Занятия в училище были остановлены. Мне велели переодеться в парадную форму и следовать в клуб.

Там при общем скоплении учащихся и преподавателей, мне  партийный чиновник, аж из самой Москвы,  вручил благодарственную Правительственную Грамоту и ключи с документами на моё имя  от новенького …. Москвича-408 (хотя, я хотел ИЖ-Юпитер)!!!

А стоявший в толпе Бекон, рассказывал корреспондентам, что это он,-Бекон, воспитал такого высокосознательного  гражданина в моём лице!

Оказывается, в тот, не по-осеннему тёплый полдень, я выпахал  захороненное в гражданскую войну, колчаковское золото, весь эшелон!

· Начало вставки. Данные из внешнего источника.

lemma D_div_approx_A:
  assumes "0 < n" and "-1 < x" and "x < 1" and "\<forall>k\<le>n. x \<noteq> node k n"
  shows "\<bar>D n x / real n - (-1)^iota n x * A (rho n x ^ 2)\<bar>
           \<le> 2 / real (min (iota n x + 1) (n - iota n x))"
proof -
  define i where "i = iota n x"
  define f where "f = real n * (x + 1) / 2 - real i"
  have f: "0 < f" "f < 1" and "i < n"
    using iota_bounds[OF assms] unfolding f_def i_def by auto
  have "D n x / real n = (-1)^i * ((\<Sum>j<i + 1. (-1)^j / (2 * (f + real j))) +
                                   (\<Sum>j<n - i. (-1)^j / (2 * (1 - f + real j))))"
    using D_div_eq_sum[OF assms(1), of x] alternating_reciprocal_sum_split[of i n f] \<open>i < n\<close>
    by (simp add: f_def)
  moreover have "rho n x = 2 * f - 1"
    unfolding rho_eq[OF assms(1)] f_def i_def ..
  moreover have "\<bar>(-1::real)^i\<bar> = 1"
    by simp
  ultimately have "\<bar>D n x / real n - (-1)^i * A (rho n x ^ 2)\<bar> =
      \<bar>(\<Sum>j<i + 1. (-1)^j / (2 * (f + real j))) + (\<Sum>j<n - i. (-1)^j / (2 * (1 - f + real j)))
        - A ((2 * f - 1)^2)\<bar>"
    by (simp add: right_diff_distrib[symmetric] abs_mult)
  also have "\<dots> \<le> 2 / real (min (i + 1) (n - i))"
    using \<open>i < n\<close> by (intro alternating_reciprocal_pair_approx_A f) auto
  finally show ?thesis
    unfolding i_def .
qed

lemma D_div_approx_A_rational:
  assumes "q \<noteq> 0" and "x = real p / real q - 1"
    and "0 < n" and "-1 < x" and "x < 1" and "\<forall>k\<le>n. x \<noteq> node k n"
  shows "\<bar>D n x / real n - (-1)^iota n x * A (rho n x ^ 2)\<bar> \<le> 4 * real q / real n"
proof -
  have "0 < real n / (2 * real q)"
    using assms(1,3) by simp
  then have "2 / real (min (iota n x + 1) (n - iota n x)) \<le> 2 / (real n / (2 * real q))"
    using rational_point_iota_bounds[OF assms(1,2,4,5)] by (intro frac_le) auto
  then show ?thesis
    using D_div_approx_A[OF assms(3-6)] by simp
qed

Некогда белякам было глубже то схрон рыть, механизмов землеройных тогда не водилось, а много ли лопатами, да второпях, нароешь! Вот и присыпали слегка, в надежде на скорое возвращение.

А оно, вон как обернулось..!

И вот, еду я с производственной  практики на своем вишнёвом  Моквиче-408 с никелированными бамперами, и надо же оказии случиться, как раз напротив Валькиного дома, со стоявшим у палисадника Вовкиным убогим Ковровцем с двумя зайцами на бензобаке, у меня сдувается переднее колесо.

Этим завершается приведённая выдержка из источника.